--- WHAT THE EXERCISE ASKS ---
As the answer, set down the lines below from the one containing "(e \<inter> S)" through the one containing "using sep p", exactly and inclusively, and no others.

--- PROVIDED MATERIAL ---
(* Let $(G,\mathcal{T},(A^\circ,B^\circ),k)$ be a Terminal Separation instance, let $\mathcal{T}'\subseteq\mathcal{T}$ be the set of terminal pairs disjoint from $A^\circ\cup B^\circ$, and let $\{s,t\}\in\mathcal{T}'$. Let $(A_s,B_t)$ be a terminal separation of minimum cost among those extending $(A^\circ\cup\{s\},B^\circ\cup\{t\})$, and $(A_t,B_s)$ a terminal separation of minimum cost among those extending $(A^\circ\cup\{t\},B^\circ\cup\{s\})$. Suppose that neither $(A_s,B_t)$ nor $(A_t,B_s)$ contains in $A\cup B$ any terminal pair of $\mathcal{T}'$ other than $\{s,t\}$. Then for every set $A$ with $A^\circ\cup\{s\}\subseteq A\subseteq V(G)\setminus B^\circ$ whose only terminal from pairs of $\mathcal{T}'$ is $s$, we have $d(A)-d(A^\circ)\ge d(A_s)-d(A^\circ)$; and symmetrically, for every set $B$ with $B^\circ\cup\{s\}\subseteq B\subseteq V(G)\setminus A^\circ$ whose only terminal from pairs of $\mathcal{T}'$ is $s$, we have $d(B)-d(B^\circ)\ge d(B_s)-d(B^\circ)$.
   Context: Graphs may have multiple edges but no loops; $d(X)$ is the number of edges with exactly one endpoint in $X$. For a family $\mathcal{T}$ of pairwise disjoint vertex pairs (terminals are their vertices), a terminal separation is a pair $(A,B)$ of disjoint vertex sets such that each pair in $\mathcal{T}$ either has one vertex in $A$ and one in $B$ or is disjoint from $A\cup B$; $(A',B')$ extends $(A,B)$ if $A\subseteq A'$, $B\subseteq B'$; cost $c(A,B)=(d(A)+d(B))/2$. A Terminal Separation instance $(G,\mathcal{T},(A^\circ,B^\circ),k)$ has every terminal of degree at most one and $(A^\circ,B^\circ)$ a terminal separation. *)

theory Defs
  imports Complex_Main "HOL-Library.Multiset"
begin

definition multigraph :: "'a set \<Rightarrow> 'a set multiset \<Rightarrow> bool" where
  "multigraph V E \<longleftrightarrow> finite V \<and> (\<forall>e \<in># E. e \<subseteq> V \<and> card e = 2)"

definition dcut :: "'a set multiset \<Rightarrow> 'a set \<Rightarrow> nat" where
  "dcut E X = size (filter_mset (\<lambda>e. card (e \<inter> X) = 1) E)"

definition degree :: "'a set multiset \<Rightarrow> 'a \<Rightarrow> nat" where
  "degree E v = size (filter_mset (\<lambda>e. v \<in> e) E)"

definition terminal_pairs :: "'a set \<Rightarrow> 'a set set \<Rightarrow> bool" where
  "terminal_pairs V T \<longleftrightarrow> (\<forall>p \<in> T. p \<subseteq> V \<and> card p = 2) \<and>
     (\<forall>p \<in> T. \<forall>q \<in> T. p \<noteq> q \<longrightarrow> p \<inter> q = {})"

definition terminals :: "'a set set \<Rightarrow> 'a set" where
  "terminals T = \<Union>T"

definition terminal_sep :: "'a set \<Rightarrow> 'a set set \<Rightarrow> 'a set \<Rightarrow> 'a set \<Rightarrow> bool" where
  "terminal_sep V T A B \<longleftrightarrow> A \<subseteq> V \<and> B \<subseteq> V \<and> A \<inter> B = {} \<and>
     (\<forall>p \<in> T. (card (p \<inter> A) = 1 \<and> card (p \<inter> B) = 1) \<or> p \<inter> (A \<union> B) = {})"

definition extends :: "'a set \<Rightarrow> 'a set \<Rightarrow> 'a set \<Rightarrow> 'a set \<Rightarrow> bool" where
  "extends A' B' A B \<longleftrightarrow> A \<subseteq> A' \<and> B \<subseteq> B'"

definition cost :: "'a set multiset \<Rightarrow> 'a set \<Rightarrow> 'a set \<Rightarrow> real" where
  "cost E A B = (real (dcut E A) + real (dcut E B)) / 2"

definition min_ext_sep ::
  "'a set \<Rightarrow> 'a set multiset \<Rightarrow> 'a set set \<Rightarrow> 'a set \<Rightarrow> 'a set \<Rightarrow> 'a set \<Rightarrow> 'a set \<Rightarrow> bool" where
  "min_ext_sep V E T A0 B0 A B \<longleftrightarrow> terminal_sep V T A B \<and> extends A B A0 B0 \<and>
     (\<forall>A' B'. terminal_sep V T A' B' \<and> extends A' B' A0 B0 \<longrightarrow> cost E A B \<le> cost E A' B')"

definition TS_instance ::
  "'a set \<Rightarrow> 'a set multiset \<Rightarrow> 'a set set \<Rightarrow> 'a set \<Rightarrow> 'a set \<Rightarrow> nat \<Rightarrow> bool" where
  "TS_instance V E T A0 B0 k \<longleftrightarrow> multigraph V E \<and> terminal_pairs V T \<and>
     (\<forall>v \<in> terminals T. degree E v \<le> 1) \<and> terminal_sep V T A0 B0"

end

theory Submission
  imports Defs
begin

(* The cut function d is posimodular: d(X - Y) + d(Y - X) <= d(X) + d(Y).
   Given A as in the claim and the minimum separation (As, Bt), uncross them into
   (A - Bt, Bt - A). Since A contains no terminal of an untouched pair other than s, and
   (As, Bt) contains no such pair completely, every terminal pair is still separated or
   avoided, so (A - Bt, Bt - A) competes with (As, Bt). Minimality and posimodularity give
   d(As) + d(Bt) <= d(A - Bt) + d(Bt - A) <= d(A) + d(Bt), i.e. d(As) <= d(A).
   The claim for B is the same argument with the two sides swapped. *)

lemma card_Int_doubleton_eq_1_iff:
  assumes "a \<noteq> b"
  shows "card ({a, b} \<inter> S) = 1 \<longleftrightarrow> (a \<in> S) \<noteq> (b \<in> S)"
proof (cases "a \<in> S"; cases "b \<in> S")
  assume "a \<in> S" "b \<in> S"
  then show ?thesis using assms by (simp add: Int_absorb2)
next
  assume "a \<in> S" "b \<notin> S"
  then have "{a, b} \<inter> S = {a}" by auto
  then show ?thesis using \<open>a \<in> S\<close> \<open>b \<notin> S\<close> by simp
next
  assume "a \<notin> S" "b \<in> S"
  then have "{a, b} \<inter> S = {b}" by auto
  then show ?thesis using \<open>a \<notin> S\<close> \<open>b \<in> S\<close> by simp
next
  assume "a \<notin> S" "b \<notin> S"
  then have "{a, b} \<inter> S = {}" by auto
  then show ?thesis using \<open>a \<notin> S\<close> \<open>b \<notin> S\<close> by simp
qed

lemma dcut_empty [simp]: "dcut {#} X = 0"
  by (simp add: dcut_def)

lemma dcut_add_mset [simp]: "dcut (add_mset e E) X = dcut E X + of_bool (card (e \<inter> X) = 1)"
  by (simp add: dcut_def)

lemma edge_crosses_Diff_posimodular:
  assumes "card e = 2"
  shows "of_bool (card (e \<inter> (X - Y)) = 1) + of_bool (card (e \<inter> (Y - X)) = 1)
     \<le> of_bool (card (e \<inter> X) = 1) + (of_bool (card (e \<inter> Y) = 1) :: nat)"
proof -
  obtain u v where "e = {u, v}" "u \<noteq> v" using assms by (auto simp: card_2_iff)
  then have "\<And>S. card (e \<inter> S) = 1 \<longleftrightarrow> (u \<in> S) \<noteq> (v \<in> S)"
    using card_Int_doubleton_eq_1_iff by metis
  then show ?thesis by (simp only:) auto
qed

lemma dcut_Diff_posimodular:
  assumes "\<forall>e \<in># E. card e = 2"
  shows "dcut E (X - Y) + dcut E (Y - X) \<le> dcut E X + dcut E Y"
  using assms
proof (induction E)
  case empty
  then show ?case by simp
next
  case (add e E)
  then show ?case using edge_crosses_Diff_posimodular[of e X Y] by simp
qed

lemma terminal_sep_swap: "terminal_sep V T B A \<longleftrightarrow> terminal_sep V T A B"
  unfolding terminal_sep_def by (auto simp: Un_commute)

lemma min_ext_sep_swap:
  assumes "min_ext_sep V E T A0 B0 A B"
  shows "min_ext_sep V E T B0 A0 B A"
  unfolding min_ext_sep_def extends_def
proof (intro conjI allI impI)
  show "terminal_sep V T B A" "B0 \<subseteq> B" "A0 \<subseteq> A"
    using assms terminal_sep_swap unfolding min_ext_sep_def extends_def by auto
next
  fix A' B' assume "terminal_sep V T A' B' \<and> B0 \<subseteq> A' \<and> A0 \<subseteq> B'"
  then have "cost E A B \<le> cost E B' A'"
    using assms terminal_sep_swap unfolding min_ext_sep_def extends_def by blast
  then show "cost E B A \<le> cost E A' B'" unfolding cost_def by (simp add: add.commute)
qed

lemma terminal_sep_pairE:
  assumes sep: "terminal_sep V T A B" and p: "p \<in> T" "card p = 2" "p \<inter> (A \<union> B) \<noteq> {}"
  obtains a b where "p = {a, b}" "a \<in> A" "b \<in> B"
proof -
  have "card (p \<inter> A) = 1" "card (p \<inter> B) = 1" and "A \<inter> B = {}"
    using sep p unfolding terminal_sep_def by auto
  then obtain a b where a: "p \<inter> A = {a}" and b: "p \<inter> B = {b}"
    by (auto simp: card_1_singleton_iff)
  with \<open>A \<inter> B = {}\<close> have "a \<noteq> b" by blast
  have "{a, b} \<subseteq> p" "finite p" using a b \<open>card p = 2\<close> card.infinite by fastforce+
  then have "p = {a, b}" using \<open>card p = 2\<close> \<open>a \<noteq> b\<close> by (metis card_subset_eq card_2_iff)
  with a b show thesis using that by blast
qed

lemma separated_doubleton:
  assumes "a \<in> A" "a \<notin> B" "b \<in> B" "b \<notin> A"
  shows "card ({a, b} \<inter> A) = 1 \<and> card ({a, b} \<inter> B) = 1"
proof -
  have "a \<noteq> b" using assms by auto
  then show ?thesis using assms by (simp add: card_Int_doubleton_eq_1_iff)
qed

lemma min_ext_sep_dcut_le_uncrossed:
  assumes min: "min_ext_sep V E T A0 B0 As Bt"
    and edges: "\<forall>e \<in># E. card e = 2"
    and sep: "terminal_sep V T (A - Bt) (Bt - A)"
    and ext: "A0 \<subseteq> A - Bt" "B0 \<subseteq> Bt - A"
  shows "dcut E As \<le> dcut E A"
proof -
  have "cost E As Bt \<le> cost E (A - Bt) (Bt - A)"
    using min sep ext unfolding min_ext_sep_def extends_def by blast
  then have "dcut E As + dcut E Bt \<le> dcut E (A - Bt) + dcut E (Bt - A)"
    unfolding cost_def by simp
  also have "\<dots> \<le> dcut E A + dcut E Bt"
    using dcut_Diff_posimodular[OF edges] .
  finally show ?thesis by simp
qed

lemma terminal_sep_uncross:
  fixes T :: "'a set set" and A0 B0 :: "'a set"
  defines "T' \<equiv> {p \<in> T. p \<inter> (A0 \<union> B0) = {}}"
  assumes tp: "terminal_pairs V T" and sep0: "terminal_sep V T A0 B0"
    and st: "{s, t} \<in> T'"
    and sep: "terminal_sep V T As Bt" and ext: "A0 \<union> {s} \<subseteq> As" "B0 \<union> {t} \<subseteq> Bt"
    and only_s: "\<forall>p \<in> T'. p \<noteq> {s, t} \<longrightarrow> \<not> p \<subseteq> As \<union> Bt"
    and A: "A0 \<union> {s} \<subseteq> A" "A \<subseteq> V - B0" "A \<inter> terminals T' = {s}"
  shows "terminal_sep V T (A - Bt) (Bt - A)"
  unfolding terminal_sep_def
proof (intro conjI ballI)
  show "A - Bt \<subseteq> V" "Bt - A \<subseteq> V" "(A - Bt) \<inter> (Bt - A) = {}"
    using A sep unfolding terminal_sep_def by auto
next
  have card2: "\<And>p. p \<in> T \<Longrightarrow> card p = 2"
    using tp unfolding terminal_pairs_def by auto
  have disjAsBt: "As \<inter> Bt = {}" using sep unfolding terminal_sep_def by auto
  have "t \<in> terminals T'" "s \<noteq> t"
    using st card2[of "{s, t}"] unfolding T'_def terminals_def by auto
  then have "t \<notin> A" using A(3) by auto
  fix p assume p: "p \<in> T"
  consider (touched) "p \<inter> (A0 \<union> B0) \<noteq> {}" | (st) "p = {s, t}" | (other) "p \<in> T'" "p \<noteq> {s, t}"
    using p unfolding T'_def by blast
  then show "card (p \<inter> (A - Bt)) = 1 \<and> card (p \<inter> (Bt - A)) = 1 \<or> p \<inter> (A - Bt \<union> (Bt - A)) = {}"
  proof cases
    case touched
    then obtain a b where "p = {a, b}" "a \<in> A0" "b \<in> B0"
      using terminal_sep_pairE[OF sep0 p card2[OF p]] by metis
    moreover have "a \<in> A - Bt" "b \<in> Bt - A"
      using \<open>a \<in> A0\<close> \<open>b \<in> B0\<close> A ext disjAsBt by auto
    ultimately show ?thesis using separated_doubleton[of a "A - Bt" "Bt - A" b] by auto
  next
    case st
    have "s \<in> A - Bt" "t \<in> Bt - A" using A ext disjAsBt \<open>t \<notin> A\<close> by auto
    then show ?thesis using st separated_doubleton[of s "A - Bt" "Bt - A" t] by auto
  next
    case other
    have "p \<inter> {s, t} = {}"
      using tp p st other(2) unfolding terminal_pairs_def T'_def by auto
    then have "p \<inter> A = {}" using A(3) other(1) unfolding terminals_def by auto
    moreover have "p \<inter> (As \<union> Bt) = {}"
    proof (rule ccontr)
      assume "p \<inter> (As \<union> Bt) \<noteq> {}"
      then obtain a b where "p = {a, b}" "a \<in> As" "b \<in> Bt"
        using terminal_sep_pairE[OF sep p card2[OF p]] by metis
      then show False using only_s other by auto
    qed
    ultimately show ?thesis by auto
  qed
qed

lemma min_ext_sep_dcut_le:
  fixes T :: "'a set set" and A0 B0 :: "'a set"
  defines "T' \<equiv> {p \<in> T. p \<inter> (A0 \<union> B0) = {}}"
  assumes tp: "terminal_pairs V T" and sep0: "terminal_sep V T A0 B0"
    and edges: "\<forall>e \<in># E. card e = 2"
    and st: "{s, t} \<in> T'"
    and min: "min_ext_sep V E T (A0 \<union> {s}) (B0 \<union> {t}) As Bt"
    and only_s: "\<forall>p \<in> T'. p \<noteq> {s, t} \<longrightarrow> \<not> p \<subseteq> As \<union> Bt"
    and A: "A0 \<union> {s} \<subseteq> A" "A \<subseteq> V - B0" "A \<inter> terminals T' = {s}"
  shows "dcut E As \<le> dcut E A"
proof -
  have sep: "terminal_sep V T As Bt" and ext: "A0 \<union> {s} \<subseteq> As" "B0 \<union> {t} \<subseteq> Bt"
    using min unfolding min_ext_sep_def extends_def by auto
  have "t \<in> terminals T'" using st unfolding terminals_def by blast
  moreover have "card {s, t} = 2" using st tp unfolding T'_def terminal_pairs_def by blast
  then have "s \<noteq> t" by (cases "s = t") auto
  ultimately have "t \<notin> A" using A(3) by auto
  have "As \<inter> Bt = {}" using sep unfolding terminal_sep_def by blast
  then have "A0 \<union> {s} \<subseteq> A - Bt" "B0 \<union> {t} \<subseteq> Bt - A"
    using A(1,2) ext \<open>t \<notin> A\<close> by auto
  moreover have "terminal_sep V T (A - Bt) (Bt - A)"
    using terminal_sep_uncross[OF tp sep0 st[unfolded T'_def] sep ext
        only_s[unfolded T'_def] A[unfolded T'_def]] .
  ultimately show ?thesis
    using min_ext_sep_dcut_le_uncrossed[OF min edges] by blast
qed

theorem lemma5p2:
  fixes V :: "'a set" and E :: "'a set multiset" and T :: "'a set set"
    and A0 B0 As Bt At Bs :: "'a set" and k :: nat and s t :: 'a
  defines "T' \<equiv> {p \<in> T. p \<inter> (A0 \<union> B0) = {}}"
  assumes inst: "TS_instance V E T A0 B0 k"
    and st: "{s, t} \<in> T'"
    and min_s: "min_ext_sep V E T (A0 \<union> {s}) (B0 \<union> {t}) As Bt"
    and min_t: "min_ext_sep V E T (A0 \<union> {t}) (B0 \<union> {s}) At Bs"
    and only_s: "\<forall>p \<in> T'. p \<noteq> {s, t} \<longrightarrow> \<not> p \<subseteq> As \<union> Bt"
    and only_t: "\<forall>p \<in> T'. p \<noteq> {s, t} \<longrightarrow> \<not> p \<subseteq> At \<union> Bs"
  shows "(\<forall>A. A0 \<union> {s} \<subseteq> A \<and> A \<subseteq> V - B0 \<and> A \<inter> terminals T' = {s} \<longrightarrow>
            int (dcut E A) - int (dcut E A0) \<ge> int (dcut E As) - int (dcut E A0))
       \<and> (\<forall>B. B0 \<union> {s} \<subseteq> B \<and> B \<subseteq> V - A0 \<and> B \<inter> terminals T' = {s} \<longrightarrow>
            int (dcut E B) - int (dcut E B0) \<ge> int (dcut E Bs) - int (dcut E B0))"
proof -
  have tp: "terminal_pairs V T" and sep0: "terminal_sep V T A0 B0"
    and edges: "\<forall>e \<in># E. card e = 2"
    using inst unfolding TS_instance_def multigraph_def by auto
  have T'_swap: "T' = {p \<in> T. p \<inter> (B0 \<union> A0) = {}}"
    unfolding T'_def by (auto simp: Un_commute)
  have "dcut E As \<le> dcut E A"
    if "A0 \<union> {s} \<subseteq> A" "A \<subseteq> V - B0" "A \<inter> terminals T' = {s}" for A
    using min_ext_sep_dcut_le[OF tp sep0 edges st[unfolded T'_def] min_s
        only_s[unfolded T'_def] that[unfolded T'_def]] .
  moreover have "dcut E Bs \<le> dcut E B"
    if "B0 \<union> {s} \<subseteq> B" "B \<subseteq> V - A0" "B \<inter> terminals T' = {s}" for B
  proof -
    have "\<forall>p \<in> T'. p \<noteq> {s, t} \<longrightarrow> \<not> p \<subseteq> Bs \<union> At"
      using only_t by (simp add: Un_commute)
    then show ?thesis
      using min_ext_sep_dcut_le[OF tp terminal_sep_swap[THEN iffD2, OF sep0] edges
          st[unfolded T'_swap] min_ext_sep_swap[OF min_t] _ that[unfolded T'_swap]]
      unfolding T'_swap by blast
  qed
  ultimately show ?thesis by auto
qed

end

--- TASK SOLUTION ---
  then have "\<And>S. card (e \<inter> S) = 1 \<longleftrightarrow> (u \<in> S) \<noteq> (v \<in> S)"
    using card_Int_doubleton_eq_1_iff by metis
  then show ?thesis by (simp only:) auto
qed

lemma dcut_Diff_posimodular:
  assumes "\<forall>e \<in># E. card e = 2"
  shows "dcut E (X - Y) + dcut E (Y - X) \<le> dcut E X + dcut E Y"
  using assms
proof (induction E)
  case empty
  then show ?case by simp
next
  case (add e E)
  then show ?case using edge_crosses_Diff_posimodular[of e X Y] by simp
qed

lemma terminal_sep_swap: "terminal_sep V T B A \<longleftrightarrow> terminal_sep V T A B"
  unfolding terminal_sep_def by (auto simp: Un_commute)

lemma min_ext_sep_swap:
  assumes "min_ext_sep V E T A0 B0 A B"
  shows "min_ext_sep V E T B0 A0 B A"
  unfolding min_ext_sep_def extends_def
proof (intro conjI allI impI)
  show "terminal_sep V T B A" "B0 \<subseteq> B" "A0 \<subseteq> A"
    using assms terminal_sep_swap unfolding min_ext_sep_def extends_def by auto
next
  fix A' B' assume "terminal_sep V T A' B' \<and> B0 \<subseteq> A' \<and> A0 \<subseteq> B'"
  then have "cost E A B \<le> cost E B' A'"
    using assms terminal_sep_swap unfolding min_ext_sep_def extends_def by blast
  then show "cost E B A \<le> cost E A' B'" unfolding cost_def by (simp add: add.commute)
qed

lemma terminal_sep_pairE:
  assumes sep: "terminal_sep V T A B" and p: "p \<in> T" "card p = 2" "p \<inter> (A \<union> B) \<noteq> {}"
  obtains a b where "p = {a, b}" "a \<in> A" "b \<in> B"
proof -
  have "card (p \<inter> A) = 1" "card (p \<inter> B) = 1" and "A \<inter> B = {}"
    using sep p unfolding terminal_sep_def by auto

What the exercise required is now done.